Tanpa basa-basi lagi, Tan segera melajukan motornya ke lokasi titik lokasi penjemputan tersebut. Pihak H-mall telah menyediakan lokasi khusus untuk driver ojol, khusus motor agar lebih mudah menjemput atau menurunkan penumpang.



Saat tiba di lokasi khusus tersebut, Tan baru melihat nama yang melakukan order adalah orang yang dia antar sebelumnya.



"Ternyata order yang aku pesan didapatkan oleh bapak lagi." Ujar Azrina yang masih memanggil Tan dengan panggilan bapak.

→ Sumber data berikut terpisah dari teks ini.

(* Let $G$ be a strongly connected digraph with $n\geq 2$ vertices. (1) If $G$ contains an $m$-wheel for some $m\geq 1$, then $G$ admits a boolean nilpotent function of class at most $2n-m+1$. (2) If $G$ has a loop, then $G$ admits a boolean nilpotent function of class at most $2n-1$.
   Context: Digraphs may have loops but no multiple arcs. For $m\geq 1$, the $m$-wheel $W_m$ is the digraph obtained from a directed cycle $C_m$ of length $m$ (for $m=1$, a single vertex with a loop) by adding a new vertex $v$ (the center) and an arc from $v$ to every vertex of $C_m$; $G$ contains an $m$-wheel if some subgraph of $G$ is isomorphic to $W_m$. A boolean function on $[n]$ is a map $f:\{0,1\}^n\to\{0,1\}^n$; its (unsigned) interaction graph has an arc $(j,i)$ iff $f_i$ depends essentially on $x_j$, i.e. $f_i(a)\neq f_i(b)$ for some $a,b$ differing only in coordinate $j$. $G$ admits $f$ if the interaction graph of $f$ equals $G$. $f$ is nilpotent if $f^k$ is constant for some $k\geq 0$ ($f^0=\mathrm{id}$); the least such $k$ is its class. *)

theory Defs
  imports Main
begin

text \<open>Digraphs on a finite vertex type 'n: a set of arcs (loops allowed, no multiple arcs).\<close>

definition strongly_connected :: "('n \<times> 'n) set \<Rightarrow> bool" where
  "strongly_connected G \<longleftrightarrow> (\<forall>u v. (u, v) \<in> G\<^sup>*)"

text \<open>G contains an m-wheel: a subgraph isomorphic to W_m, i.e. a center v and
m distinct vertices c 0, ..., c (m-1), all different from v, such that
c i -> c ((i+1) mod m) are arcs (a loop when m = 1) and v -> c i are arcs.\<close>
definition contains_wheel :: "('n \<times> 'n) set \<Rightarrow> nat \<Rightarrow> bool" where
  "contains_wheel G m \<longleftrightarrow> m \<ge> 1 \<and>
     (\<exists>v c. inj_on c {0..<m} \<and> v \<notin> c ` {0..<m} \<and>
        (\<forall>i<m. (c i, c (Suc i mod m)) \<in> G \<and> (v, c i) \<in> G))"

definition depends_on :: "(('n \<Rightarrow> bool) \<Rightarrow> ('n \<Rightarrow> bool)) \<Rightarrow> 'n \<Rightarrow> 'n \<Rightarrow> bool" where
  "depends_on f i j \<longleftrightarrow> (\<exists>x. f x i \<noteq> f (x(j := \<not> x j)) i)"

definition interaction_graph :: "(('n \<Rightarrow> bool) \<Rightarrow> ('n \<Rightarrow> bool)) \<Rightarrow> ('n \<times> 'n) set" where
  "interaction_graph f = {(j, i). depends_on f i j}"

definition admits :: "('n \<times> 'n) set \<Rightarrow> (('n \<Rightarrow> bool) \<Rightarrow> ('n \<Rightarrow> bool)) \<Rightarrow> bool" where
  "admits G f \<longleftrightarrow> interaction_graph f = G"

definition nilpotent_class_le :: "(('n \<Rightarrow> bool) \<Rightarrow> ('n \<Rightarrow> bool)) \<Rightarrow> nat \<Rightarrow> bool" where
  "nilpotent_class_le f k \<longleftrightarrow> (\<exists>j\<le>k. \<exists>c. \<forall>x. (f ^^ j) x = c)"

end

theory Submission
  imports Defs
begin

text \<open>Give every arc a sign and let \<open>f\<^sub>i\<close> be the conjunction of the corresponding literals of the
  in-neighbours of \<open>i\<close>; whatever the signs, this admits \<open>G\<close>, and we aim at the constant \<open>False\<close>.
  \<open>False\<close> spreads along positive arcs, so once a positive cycle \<open>C\<close> is false for good, every
  vertex positively reachable from \<open>C\<close> is false at most \<open>n - |C|\<close> steps later. It remains to
  choose the negative arcs so that the cycle of the wheel is dead after \<open>n + 1\<close> steps (after
  \<open>n\<close> steps for a loop). If the cycle were still alive, the centre would be true all along;
  through a negative arc this forces a vertex to be false, falsity climbs the chain of
  single in-neighbours above it, and counting that chain together with the cycle and the
  vertices that reach the centre shows that some cycle vertex is false for \<open>m\<close> consecutive
  steps, which kills the whole cycle.\<close>

section \<open>Walks and distances\<close>

lemma relpow_converse_iff:
  fixes P :: "('a \<times> 'a) set"
  shows "(x, y) \<in> (P\<inverse>) ^^ k \<longleftrightarrow> (y, x) \<in> P ^^ k"
proof (induction k arbitrary: y)
  case 0
  then show ?case by auto
next
  case (Suc k)
  show ?case
  proof
    assume "(x, y) \<in> (P\<inverse>) ^^ Suc k"
    then obtain z where "(x, z) \<in> (P\<inverse>) ^^ k" and "(z, y) \<in> P\<inverse>"
      by (rule relpow_Suc_E)
    then have "(y, z) \<in> P" and "(z, x) \<in> P ^^ k"
      using Suc.IH by auto
    then show "(y, x) \<in> P ^^ Suc k"
      by (rule relpow_Suc_I2)
  next
    assume "(y, x) \<in> P ^^ Suc k"
    then obtain z where "(y, z) \<in> P" and "(z, x) \<in> P ^^ k"
      by (rule relpow_Suc_E2)
    then show "(x, y) \<in> (P\<inverse>) ^^ Suc k"
      using Suc.IH by auto
  qed
qed
(* Let $k,\Delta$ be positive integers, let $\varepsilon>0$, let $T$ be a finite tree, and let $G$ be a subgraph of $T\boxtimes K_k$ with maximum degree at most $\Delta$. Then there is a subdivision $\tilde G$ of $G$ with growth $f_{\tilde G}(r)\leq (k\Delta+\varepsilon)r+1$ for every positive integer $r$.
   Context: The growth of a finite graph $G$ is the function $f_G\colon\mathbb{N}\to\mathbb{N}$ where $f_G(r)$ is the maximum of $|V(H)|$ over all subgraphs $H$ of $G$ of radius at most $r$. $K_k$ is the complete graph on $k$ vertices. The strong product $G\boxtimes H$ has vertex set $V(G)\times V(H)$, with distinct vertices $(v,w),(v',w')$ adjacent iff ($vv'\in E(G)$ and $w=w'$), or ($v=v'$ and $ww'\in E(H)$), or ($vv'\in E(G)$ and $ww'\in E(H)$). A subdivision of $G$ is a graph obtained by replacing each edge $vw$ by a path with endpoints $v$ and $w$, internally disjoint from the rest of the graph. *)

theory Defs
  imports Complex_Main
begin

type_synonym 'a ugraph = "'a set \<times> 'a set set"

definition verts :: "'a ugraph \<Rightarrow> 'a set" where "verts G = fst G"
definition edges :: "'a ugraph \<Rightarrow> 'a set set" where "edges G = snd G"

definition ugraph :: "'a ugraph \<Rightarrow> bool" where
  "ugraph G \<longleftrightarrow> finite (verts G) \<and>
     (\<forall>e\<in>edges G. \<exists>u v. e = {u, v} \<and> u \<noteq> v \<and> u \<in> verts G \<and> v \<in> verts G)"

definition subgraph :: "'a ugraph \<Rightarrow> 'a ugraph \<Rightarrow> bool" where
  "subgraph H G \<longleftrightarrow> ugraph H \<and> verts H \<subseteq> verts G \<and> edges H \<subseteq> edges G"

definition walk :: "'a ugraph \<Rightarrow> 'a list \<Rightarrow> bool" where
  "walk G xs \<longleftrightarrow> xs \<noteq> [] \<and> set xs \<subseteq> verts G \<and>
     (\<forall>i. Suc i < length xs \<longrightarrow> {xs ! i, xs ! Suc i} \<in> edges G)"

definition path :: "'a ugraph \<Rightarrow> 'a list \<Rightarrow> bool" where
  "path G xs \<longleftrightarrow> walk G xs \<and> distinct xs"

definition path_edges :: "'a list \<Rightarrow> 'a set set" where
  "path_edges xs = {{xs ! i, xs ! Suc i} | i. Suc i < length xs}"

definition connected_graph :: "'a ugraph \<Rightarrow> bool" where
  "connected_graph G \<longleftrightarrow> verts G \<noteq> {} \<and>
     (\<forall>u\<in>verts G. \<forall>v\<in>verts G. \<exists>xs. walk G xs \<and> hd xs = u \<and> last xs = v)"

"Iya kak, mungkin hari ini memang sudah takdirnya aku membantu aktivitas kakak." Ucap Tan sambil memberikan helm ojolnya pada perempuan itu.



Azrina menerima helm tersebut, memakainya di kepala dan segera menaiki motor matic Tan di bagian belakang.



Tan segera melajukan motornya itu dengan titik tujuan di tempat yang sama saat dia menjemput Azrina sebelumnya.



Dalam perjalanan tersebut juga sama seperti sebelumnya, tidak ada percakapan terjadi.



Tan sibuk dengan urusannya mengendarai motor dengan penuh kehati-hatian dan kenyamanan sedangkan Azrina hanya menatap jalanan dengan pandangan yang hampir seperti orang melamun.